## [What is expected]
Your output should be every line below, copied exactly.
---------- Exercise data ----------
(* Let $\Lambda$ be a set and let $(\mathcal{X},\preceq)$ be a poset in which every nonempty chain has an infimum. If $(\mathcal{X},\preceq)$ is a complete partially ordered set, then the $\Lambda$-system algebra of monotone systems over $\mathcal{X}$ is composition-order invariant; and if $(\mathcal{X},\preceq)$ is an $\omega$-chain complete partially ordered set, then the $\Lambda$-system algebra of continuous systems over $\mathcal{X}$ is composition-order invariant.
   Context: A CPO is a poset in which every chain (including the empty one) has a supremum; an $\omega$-CPO is a poset with least element in which every $\omega$-chain (sequence $(x_n)_{n\in\mathbb{N}}$ with $x_i\preceq x_j$ for $i\le j$) has a supremum. $\mathcal{X}^{\mathcal{I}}$ (functions $\mathcal{I}\to\mathcal{X}$) is ordered componentwise. A function is $\omega$-continuous if it maps suprema of $\omega$-chains to suprema of the image. The $\Lambda$-system algebra of monotone (resp. continuous) systems over $\mathcal{X}$ has as systems all monotone (resp. $\omega$-continuous) functions $s:\mathcal{X}^{\mathcal{I}}\to\mathcal{X}^{\mathcal{O}}$ for finite disjoint $\mathcal{I},\mathcal{O}\subseteq\Lambda$, with $\lambda(s)=\mathcal{I}\cup\mathcal{O}$; $\Gamma(s)=\{\{i,o\}\mid i\in\mathcal{I},o\in\mathcal{O}\}$; parallel composition $(s_1\parallel s_2)(\mathbf{x})(o_j)=s_j(\mathbf{x}|_{\mathcal{I}_j})(o_j)$ for $s_j:\mathcal{X}^{\mathcal{I}_j}\to\mathcal{X}^{\mathcal{O}_j}$ with $\mathcal{I}_1,\mathcal{I}_2,\mathcal{O}_1,\mathcal{O}_2$ pairwise disjoint; and interface connection $\gamma_{i,o}(s)(\mathbf{x})=s(\mathbf{x}\cup\{(i,x^* )\})|_{\mathcal{O}\setminus\{o\}}$ for $\mathbf{x}\in\mathcal{X}^{\mathcal{I}\setminus\{i\}}$, where $x^*$ is the least $x_i\in\mathcal{X}$ with $s(\mathbf{x}\cup\{(i,x_i)\})(o)=x_i$. Composition-order invariance means: (i) for all $s$, $\{i,o\}\in\Gamma(s)$, $\{i',o'\}\in\Gamma(\gamma_{i,o}(s))$ we have $\{i',o'\}\in\Gamma(s)$, $\{i,o\}\in\Gamma(\gamma_{i',o'}(s))$ and $\gamma_{i',o'}(\gamma_{i,o}(s))=\gamma_{i,o}(\gamma_{i',o'}(s))$; (ii) $\parallel$ is associative and commutative; (iii) $\gamma_{i,o}(s_1)\parallel s_2=\gamma_{i,o}(s_1\parallel s_2)$ whenever $\lambda(s_1)\cap\lambda(s_2)=\emptyset$ and $\{i,o\}\in\Gamma(s_1)$. *)

theory Defs
  imports Main
begin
----------
## [Solution to the exercise]
(* Let $\Lambda$ be a set and let $(\mathcal{X},\preceq)$ be a poset in which every nonempty chain has an infimum. If $(\mathcal{X},\preceq)$ is a complete partially ordered set, then the $\Lambda$-system algebra of monotone systems over $\mathcal{X}$ is composition-order invariant; and if $(\mathcal{X},\preceq)$ is an $\omega$-chain complete partially ordered set, then the $\Lambda$-system algebra of continuous systems over $\mathcal{X}$ is composition-order invariant.
   Context: A CPO is a poset in which every chain (including the empty one) has a supremum; an $\omega$-CPO is a poset with least element in which every $\omega$-chain (sequence $(x_n)_{n\in\mathbb{N}}$ with $x_i\preceq x_j$ for $i\le j$) has a supremum. $\mathcal{X}^{\mathcal{I}}$ (functions $\mathcal{I}\to\mathcal{X}$) is ordered componentwise. A function is $\omega$-continuous if it maps suprema of $\omega$-chains to suprema of the image. The $\Lambda$-system algebra of monotone (resp. continuous) systems over $\mathcal{X}$ has as systems all monotone (resp. $\omega$-continuous) functions $s:\mathcal{X}^{\mathcal{I}}\to\mathcal{X}^{\mathcal{O}}$ for finite disjoint $\mathcal{I},\mathcal{O}\subseteq\Lambda$, with $\lambda(s)=\mathcal{I}\cup\mathcal{O}$; $\Gamma(s)=\{\{i,o\}\mid i\in\mathcal{I},o\in\mathcal{O}\}$; parallel composition $(s_1\parallel s_2)(\mathbf{x})(o_j)=s_j(\mathbf{x}|_{\mathcal{I}_j})(o_j)$ for $s_j:\mathcal{X}^{\mathcal{I}_j}\to\mathcal{X}^{\mathcal{O}_j}$ with $\mathcal{I}_1,\mathcal{I}_2,\mathcal{O}_1,\mathcal{O}_2$ pairwise disjoint; and interface connection $\gamma_{i,o}(s)(\mathbf{x})=s(\mathbf{x}\cup\{(i,x^* )\})|_{\mathcal{O}\setminus\{o\}}$ for $\mathbf{x}\in\mathcal{X}^{\mathcal{I}\setminus\{i\}}$, where $x^*$ is the least $x_i\in\mathcal{X}$ with $s(\mathbf{x}\cup\{(i,x_i)\})(o)=x_i$. Composition-order invariance means: (i) for all $s$, $\{i,o\}\in\Gamma(s)$, $\{i',o'\}\in\Gamma(\gamma_{i,o}(s))$ we have $\{i',o'\}\in\Gamma(s)$, $\{i,o\}\in\Gamma(\gamma_{i',o'}(s))$ and $\gamma_{i',o'}(\gamma_{i,o}(s))=\gamma_{i,o}(\gamma_{i',o'}(s))$; (ii) $\parallel$ is associative and commutative; (iii) $\gamma_{i,o}(s_1)\parallel s_2=\gamma_{i,o}(s_1\parallel s_2)$ whenever $\lambda(s_1)\cap\lambda(s_2)=\emptyset$ and $\{i,o\}\in\Gamma(s_1)$. *)

theory Defs
  imports Main
begin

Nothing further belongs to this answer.